(Source records begins)

lemma underS_embeds_two_level_cells:
  assumes x: "x \<in> A" "underS L x \<noteq> {}" and "x' \<in> A"
    and emb: "order_embeds (underS L x) (above L x \<inter> underS L x')"
  shows "\<exists>s\<in>A. \<forall>c1 c2. order_embeds (underS L x)
    {z \<in> A. ((x', z) \<in> L) = c1 \<and> ((if c1 then s else x, z) \<in> L) = c2}"
proof -
  obtain s where "s \<in> A" and emb_s: "order_embeds (underS L x) (above L x' \<inter> underS L s)"
    using underS_embeds_interval[OF \<open>x' \<in> A\<close>] by blast
  have emb_above: "order_embeds (underS L x) (above L s)"
    using underS_embeds_above[OF \<open>s \<in> A\<close>] .
  have "(x, x') \<in> L" and "(x', s) \<in> L"
    using interval_embeds_less[OF emb x(2)] interval_embeds_less[OF emb_s x(2)]
    by (simp_all add: underS_def)
  have "order_embeds (underS L x)
      {z \<in> A. ((x', z) \<in> L) = c1 \<and> ((if c1 then s else x, z) \<in> L) = c2}" for c1 c2
  proof (cases c1; cases c2)
    assume "c1" "c2"
    have "above L s \<subseteq> {z \<in> A. (x', z) \<in> L \<and> (s, z) \<in> L}"
      using above_subset L_trans[OF \<open>(x', s) \<in> L\<close>] by (auto simp: above_def)
    then have "order_embeds (underS L x) {z \<in> A. (x', z) \<in> L \<and> (s, z) \<in> L}"
      by (rule order_embeds_mono[OF emb_above order.refl])
    then show ?thesis using \<open>c1\<close> \<open>c2\<close> by simp
  next
    assume "c1" "\<not> c2"
    have "above L x' \<inter> underS L s \<subseteq> {z \<in> A. (x', z) \<in> L \<and> (s, z) \<notin> L}"
      using above_subset underS_not_above by (auto simp: above_def)
    then have "order_embeds (underS L x) {z \<in> A. (x', z) \<in> L \<and> (s, z) \<notin> L}"
      by (rule order_embeds_mono[OF emb_s order.refl])
    then show ?thesis using \<open>c1\<close> \<open>\<not> c2\<close> by simp
  next
    assume "\<not> c1" "c2"
    have "above L x \<inter> underS L x' \<subseteq> {z \<in> A. (x', z) \<notin> L \<and> (x, z) \<in> L}"
      using above_subset underS_not_above by (auto simp: above_def)
    then have "order_embeds (underS L x) {z \<in> A. (x', z) \<notin> L \<and> (x, z) \<in> L}"
      by (rule order_embeds_mono[OF emb order.refl])
    then show ?thesis using \<open>\<not> c1\<close> \<open>c2\<close> by simp
  next
    assume "\<not> c1" "\<not> c2"
    have "underS L x \<subseteq> {z \<in> A. (x', z) \<notin> L \<and> (x, z) \<notin> L}"
      using underS_subset underS_not_above underS_trans[OF _ \<open>(x, x') \<in> L\<close>] by blast
    then have "order_embeds (underS L x) {z \<in> A. (x', z) \<notin> L \<and> (x, z) \<notin> L}"
      by (rule order_embeds_subset)
    then show ?thesis using \<open>\<not> c1\<close> \<open>\<not> c2\<close> by simp
  qed
  then show ?thesis using \<open>s \<in> A\<close> by blast
qed

lemma root_dominated_by_two_level_tree:
  assumes x: "x \<in> A" "underS L x \<noteq> {}" and "x' \<in> A"
    and emb: "order_embeds (underS L x) (above L x \<inter> underS L x')"
  shows "\<exists>T2. LTree A thresholds 2 T2 \<and> LT_prec A thresholds T2 (root_tree x') \<and>
    dominated_by (root_tree x) 1 T2 2"
proof -
  obtain s where "s \<in> A" and cells: "\<And>c1 c2. order_embeds (underS L x)
      {z \<in> A. ((x', z) \<in> L) = c1 \<and> ((if c1 then s else x, z) \<in> L) = c2}"
    using underS_embeds_two_level_cells[OF x \<open>x' \<in> A\<close> emb] by blast
  define f where "f u = (if u = [True] then s else x)" for u
  have leaf_embeds:
    "order_embeds (underS L x) {z \<in> version_space (root_tree x') 1 [c1]. ((f [c1], z) \<in> L) = c2}"
    for c1 c2
    using cells[of c1 c2] unfolding version_space_root by (simp add: f_def)
  have root': "LTree A thresholds 1 (root_tree x')"
    using LTree_root \<open>x' \<in> A\<close> interval_embeds_less[OF emb x(2)] by blast
  have dom': "dom (root_tree x') = {u. length u < 1}"
    using root' by (simp add: LTree_thresholds_iff)
  have f_A: "f y \<in> A" for y using \<open>s \<in> A\<close> x(1) by (simp add: f_def)
  have ne: "{z \<in> version_space (root_tree x') 1 y. ((f y, z) \<in> L) = b} \<noteq> {}"
    if "length y = 1" for y b
  proof -
    obtain c where "y = [c]" using \<open>length y = 1\<close> by (auto simp: length_Suc_conv)
    then show ?thesis using order_embeds_nonempty[OF leaf_embeds x(2)] by simp
  qed
  have "dominated_by (root_tree x) 1 (extend_level (root_tree x') 1 f) 2"
    unfolding dominated_by_def
  proof (intro allI impI exI[of _ "[False]"] conjI)
    fix y' :: "bool list"
    assume "length y' = 2"
    then obtain c1 c2 where "y' = [c1] @ [c2]"
      by (auto simp: numeral_2_eq_2 length_Suc_conv)
    then show "order_embeds (version_space (root_tree x) 1 [False])
        (version_space (extend_level (root_tree x') 1 f) 2 y')"
      using leaf_embeds version_space_extend_level[OF dom', of "[c1]" f c2]
        version_space_root_False[OF x(1)] by (simp add: numeral_2_eq_2)
  qed simp
  moreover note LTree_extend_level[OF root' f_A ne]
  ultimately show ?thesis by (auto simp: numeral_2_eq_2)
qed

lemma rank_root_tree_less:
  assumes RF: "is_rank_function A thresholds W \<rho>"
    and "x \<in> A" "underS L x \<noteq> {}" "x' \<in> A"
    and "order_embeds (underS L x) (above L x \<inter> underS L x')"
  shows "\<rho> (root_tree x) \<noteq> \<rho> (root_tree x')"
proof
  assume eq: "\<rho> (root_tree x) = \<rho> (root_tree x')"
  obtain T2 where T2: "LTree A thresholds 2 T2" "LT_prec A thresholds T2 (root_tree x')"
    and dom: "dominated_by (root_tree x) 1 T2 2"
    using root_dominated_by_two_level_tree assms(2-5) by blast
  have "LTree A thresholds 1 (root_tree x)"
    using LTree_root assms(2,3) by blast
  then have "(\<rho> (root_tree x), \<rho> T2) \<in> W"
    using rank_mono[OF RF _ T2(1) dom] by blast
  moreover have "(\<rho> T2, \<rho> (root_tree x')) \<in> W" and "\<rho> T2 \<noteq> \<rho> (root_tree x')"
    using is_rank_function_less[OF RF T2(2)] by simp_all
  moreover have "antisym W"
    using RF unfolding is_rank_function_def by (simp add: order_on_defs)
  ultimately show False using eq by (metis antisymD)
qed

lemma uncountable_has_interval_embedding:
  assumes "x \<in> A" and "uncountable S" and "S \<subseteq> A"
  shows "\<exists>x'\<in>S. order_embeds (underS L x) (above L x \<inter> underS L x')"
proof -
  obtain b where "b \<in> A" and emb: "order_embeds (underS L x) (above L x \<inter> underS L b)"
    using underS_embeds_interval[OF assms(1)] by blast
  have "\<not> S \<subseteq> under L b"
  proof
    assume "S \<subseteq> under L b"
    then have "countable S" using countable_under by (rule countable_subset)
    with assms(2) show False by contradiction
  qed
  then obtain x' where "x' \<in> S" and "x' \<notin> under L b" by blast
  then have "(b, x') \<in> L"
    using L_total[OF \<open>b \<in> A\<close>] assms(3) by (auto simp: under_def)
  then have "above L x \<inter> underS L b \<subseteq> above L x \<inter> underS L x'"
    using underS_trans by blast
  then show ?thesis
    using order_embeds_mono[OF emb order.refl] \<open>x' \<in> S\<close> by blast
qed

lemma uncountable_underS_rank_empty:
  assumes RF: "is_rank_function A thresholds W \<rho>"
  shows "uncountable (underS W (\<rho> Map.empty))"
proof
  assume "countable (underS W (\<rho> Map.empty))"
  obtain \<mu> where "\<mu> \<in> A" and least: "\<forall>z\<in>A. (\<mu>, z) \<in> L"
    using exists_least[of A] uncountable_carrier by auto
  let ?D = "A - {\<mu>}"
  have D: "x \<in> A" "underS L x \<noteq> {}" if "x \<in> ?D" for x
    using that least \<open>\<mu> \<in> A\<close> by (auto simp: underS_def)
  have "\<rho> (root_tree x) \<in> underS W (\<rho> Map.empty)" if "x \<in> ?D" for x
    using is_rank_function_less[OF RF LTree_root(2)[OF D[OF that]]] by (simp add: underS_def)
  then have "(\<lambda>x. \<rho> (root_tree x)) ` ?D \<subseteq> underS W (\<rho> Map.empty)" by blast
  moreover have "uncountable ?D"
    using uncountable_carrier uncountable_minus_countable[of A "{\<mu>}"] by simp
  ultimately have "\<exists>v. uncountable {x \<in> ?D. \<rho> (root_tree x) = v}"
    by (rule uncountable_fiber[OF \<open>countable (underS W (\<rho> Map.empty))\<close>])
  then obtain v where v: "uncountable {x \<in> ?D. \<rho> (root_tree x) = v}" by blast
  then have "{x \<in> ?D. \<rho> (root_tree x) = v} \<noteq> {}" by (metis countable_empty)
  then obtain x where x: "x \<in> ?D" "\<rho> (root_tree x) = v" by blast
  obtain x' where x': "x' \<in> ?D" "\<rho> (root_tree x') = v"
    and "order_embeds (underS L x) (above L x \<inter> underS L x')"
    using uncountable_has_interval_embedding[OF D(1)[OF x(1)] v] by blast
  then have "\<rho> (root_tree x) \<noteq> \<rho> (root_tree x')"
    using rank_root_tree_less[OF RF D[OF x(1)] D(1)[OF x'(1)]] by blast
  then show False using x(2) x'(2) by simp
qed

end

theorem mainTheorem19:
  fixes lessdot :: "real rel"
  assumes CH: "(card_of (UNIV :: real set), cardSuc natLeq) \<in> ordIso"
    and wo: "well_order_on {0..1} lessdot"
    and otype: "(lessdot, cardSuc natLeq) \<in> ordIso"
  shows "let X = {0..1::real}; H = {(\<lambda>x. (x, z) \<in> lessdot) | z. z \<in> {0..1::real}} in
           H \<noteq> {} \<and>
           (has_infinite_LTree X H \<or>
            (\<not> has_infinite_LTree X H \<and>
             (\<forall>(W :: 'o rel) \<rho>. is_rank_function X H W \<rho> \<longrightarrow>
                 (cardSuc natLeq, Restr W (underS W (\<rho> Map.empty))) \<in> ordLeq)))"
proof -
  interpret omega1_order "{0..1::real}" lessdot
    using wo otype by unfold_locales
  have "thresholds \<noteq> {}" using uncountable_carrier by (auto simp: thresholds_def)
  moreover have "cardSuc natLeq \<le>o Restr W (underS W (\<rho> Map.empty))"
    if RF: "is_rank_function {0..1} thresholds W \<rho>" for W :: "'o rel" and \<rho>
  proof (rule cardSuc_natLeq_ordLeq_Restr)
    show "Well_order W" using RF by (simp add: is_rank_function_def)
    show "underS W (\<rho> Map.empty) \<subseteq> Field W" by (auto simp: underS_def Field_def)
    show "uncountable (underS W (\<rho> Map.empty))" by (rule uncountable_underS_rank_empty[OF RF])
  qed
  ultimately show ?thesis
    unfolding Let_def thresholds_def[symmetric]
    using not_has_infinite_LTree by (intro conjI disjI2 allI impI) simp_all
qed

end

(Source records ends)

What you will do
What lines above contain the string "real"? Copy all of them.

Finished exercise
  fixes lessdot :: "real rel"
  assumes CH: "(card_of (UNIV :: real set), cardSuc natLeq) \<in> ordIso"
  shows "let X = {0..1::real}; H = {(\<lambda>x. (x, z) \<in> lessdot) | z. z \<in> {0..1::real}} in
  interpret omega1_order "{0..1::real}" lessdot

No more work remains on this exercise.